3. If the answer to #1 is that the PCie lanes are still connected through the PCH, and if I had a chipset which used 2 dedicated PCie lanes per USB port (meaning 16Gbs minus protocol and coding overheads) , could this still allow me to get closer to 10Gbs? Said another way, if I need 2 USB Gen2 ports, and for each one I use 2 dedicated lanes (meaning 4 total lanes) and a dedicated chipset to host the USB ports, even if it's through the DMI/OPI bus, is this something that still could get us closer to my goal of 9Gbs per USB port with 2 USB ports running simultaneously?

n_scott_pearson · ‎07-07-2020

My responses by the numbers...

Both can be correct.
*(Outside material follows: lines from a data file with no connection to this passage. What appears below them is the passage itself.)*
lemma card_star_edges: "card star_edges = card {x. x < n \<and> centre x \<noteq> x}"
proof -
  have "star_edges = (\<lambda>x. {x, centre x}) ` {x. x < n \<and> centre x \<noteq> x}"
    by (auto simp: star_edges_def)
  moreover have "inj_on (\<lambda>x. {x, centre x}) {x. x < n \<and> centre x \<noteq> x}"
    using centre_centre by (auto simp: inj_on_def doubleton_eq_iff)
  ultimately show ?thesis by (simp add: card_image)
qed

lemma centre_mem_if_same_meets:
  assumes e: "e \<in> complete_edges n" "e \<notin> star_edges" and e': "e' \<in> complete_edges n" "e' \<notin> star_edges"
    and meets: "\<And>p. p \<in> star_edges \<Longrightarrow> p \<inter> e = {} \<longleftrightarrow> p \<inter> e' = {}"
    and z: "z < n" "centre z = z" "z \<in> e'"
  shows "z \<in> e"
proof (rule ccontr)
  assume "z \<notin> e"
  obtain y1 y2 where y: "y1 < n" "y2 < n" "y1 \<noteq> y2" "y1 \<noteq> z" "y2 \<noteq> z" "centre y1 = z" "centre y2 = z"
    using two_leaves[OF z(1,2)] by blast
  have leaf_edges: "{y1, z} \<in> star_edges" "{y2, z} \<in> star_edges"
    using star_edge_leafI[of y1] star_edge_leafI[of y2] y by auto
  \<comment> \<open>the leaf edges at z meet e', hence e, which misses z\<close>
  have "y1 \<in> e" "y2 \<in> e" using meets[OF leaf_edges(1)] meets[OF leaf_edges(2)] z(3) \<open>z \<notin> e\<close> by auto
  then have e_eq: "e = {y1, y2}" using e(1) y(3) by (auto simp: complete_edges_def)
  obtain x where e'_eq: "e' = {z, x}" "x \<noteq> z" "x < n"
    using e'(1) z(3) by (auto simp: complete_edges_def)
  have "x \<noteq> y1" "x \<noteq> y2" using e'(2) leaf_edges e'_eq(1) by (auto simp: insert_commute)
  obtain p where p: "p \<in> star_edges" "x \<in> p" using star_edge_throughE[OF e'_eq(3)] .
  then have "p \<inter> e \<noteq> {}" using meets e'_eq(1) by blast
  then obtain y where "y \<in> p" "y \<in> {y1, y2}" using e_eq by blast
  moreover have "y < n" "centre y = z" "centre y \<noteq> y" using \<open>y \<in> {y1, y2}\<close> y by auto
  ultimately have "p = {y, z}" using star_edge_at_leaf[of y p] p(1) by simp
  then show False using p(2) \<open>x \<noteq> y1\<close> \<open>x \<noteq> y2\<close> e'_eq(2) \<open>y \<in> {y1, y2}\<close> by auto
qed

lemma subset_if_same_meets:
  assumes e: "e \<in> complete_edges n" "e \<notin> star_edges" and e': "e' \<in> complete_edges n" "e' \<notin> star_edges"
    and meets: "\<And>p. p \<in> star_edges \<Longrightarrow> p \<inter> e = {} \<longleftrightarrow> p \<inter> e' = {}"
  shows "e' \<subseteq> e"
proof
  fix x assume "x \<in> e'"
  then have x: "x < n" using e'(1) by (auto simp: complete_edges_def)
  show "x \<in> e"
  proof (cases "centre x = x")
    case True
    then show ?thesis using centre_mem_if_same_meets[OF e e' meets x] \<open>x \<in> e'\<close> by blast
  next
    case False
    note leaf_edge = star_edge_leafI[OF x False]
    show ?thesis
    proof (rule ccontr)
      assume "x \<notin> e"
      then have "centre x \<in> e" using meets[OF leaf_edge] \<open>x \<in> e'\<close> by auto
      then have "centre x \<in> e'"
        using centre_mem_if_same_meets[OF e' e _ centre_less[OF x] centre_centre[OF x]] meets by blast
      then have "e' = {x, centre x}" using e'(1) \<open>x \<in> e'\<close> False by (auto simp: complete_edges_def)
      then show False using e'(2) leaf_edge by simp
    qed
  qed
qed

lemma separating_star_edges: "separating n star_edges"
  unfolding separating_def
proof (intro conjI star_edges_subset ballI impI)
  fix e e' assume e: "e \<in> complete_edges n" "e' \<in> complete_edges n"
    and same: "\<forall>p\<in>star_edges. card (p \<inter> e) = card (p \<inter> e')"
  show "e = e'"
  proof (cases "e \<in> star_edges \<or> e' \<in> star_edges")
    case True
    then show ?thesis
      using same complete_edges_card_Int_eq_2_iff e by (metis Int_absorb)
  next
    case False
    have "p \<inter> e = {} \<longleftrightarrow> p \<inter> e' = {}" if "p \<in> star_edges" for p
      using same that star_edges_subset complete_edges_card_Int_eq_0_iff by (metis subsetD)
    then show ?thesis
      using subset_if_same_meets e False by (metis subset_antisym)
  qed
qed

end

text \<open>The vertices are grouped into the triples 3j, 3j+1, 3j+2 centred at 3j+1; the at most two
  vertices left over join the last triple.\<close>
definition block_centre :: "nat \<Rightarrow> nat \<Rightarrow> nat" where
  "block_centre n x = 3 * min (x div 3) (n div 3 - 1) + 1"

lemma block_centre_eq: "j < n div 3 \<Longrightarrow> x div 3 = j \<Longrightarrow> block_centre n x = 3 * j + 1"
  by (simp add: block_centre_def)

lemma block_centreE:
  assumes "3 \<le> n"
  obtains j where "j < n div 3" "block_centre n x = 3 * j + 1"
proof
  show "min (x div 3) (n div 3 - 1) < n div 3" using assms by auto
qed (simp add: block_centre_def)

lemma star_forest_block_centre:
  assumes "3 \<le> n"
  shows "star_forest n (block_centre n)"
proof
  fix x assume "x < n"
  obtain j where j: "j < n div 3" "block_centre n x = 3 * j + 1"
    using block_centreE[OF assms] .
  then show "block_centre n x < n" by linarith
  show "block_centre n (block_centre n x) = block_centre n x"
    using j by (simp add: block_centre_eq)
next
  fix z assume "z < n" "block_centre n z = z"
  moreover obtain j where j: "j < n div 3" "block_centre n z = 3 * j + 1"
    using block_centreE[OF assms] .
  ultimately have j: "j < n div 3" "z = 3 * j + 1" by simp_all
  then have "block_centre n (3 * j) = z" "block_centre n (3 * j + 2) = z" "3 * j + 2 < n"
    by (auto simp: block_centre_eq)
  then show "\<exists>y1 y2. y1 < n \<and> y2 < n \<and> y1 \<noteq> y2 \<and> y1 \<noteq> z \<and> y2 \<noteq> z \<and>
      block_centre n y1 = z \<and> block_centre n y2 = z"
    using j by (intro exI[of _ "3 * j"] exI[of _ "3 * j + 2"]) auto
qed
This is a design decision of the board manufacturer. It may not affect your cases, but there are also plenty of boards that utilize PCIe bridge devices that simply take the resources of one PCIe lane and spread it across multiple downstream PCIe lanes. This is common, for example, in boards that need to support multiple PCIe graphics cards.
I don't know of any specific way to do so. It can be at least implied by testing downstream device performance (yea, I know; that's not the kind of answer you are looking for, but all I can provide).
I don't think so. Just because you make additional bandwidth available doesn't mean that realtime factors will not ensure that "protocol and coding overheards" don't affect overall bandwidth possible (because they certainly will).

...S

mikoz · ‎07-07-2020

As to #1, I guess I'll contact the board maker.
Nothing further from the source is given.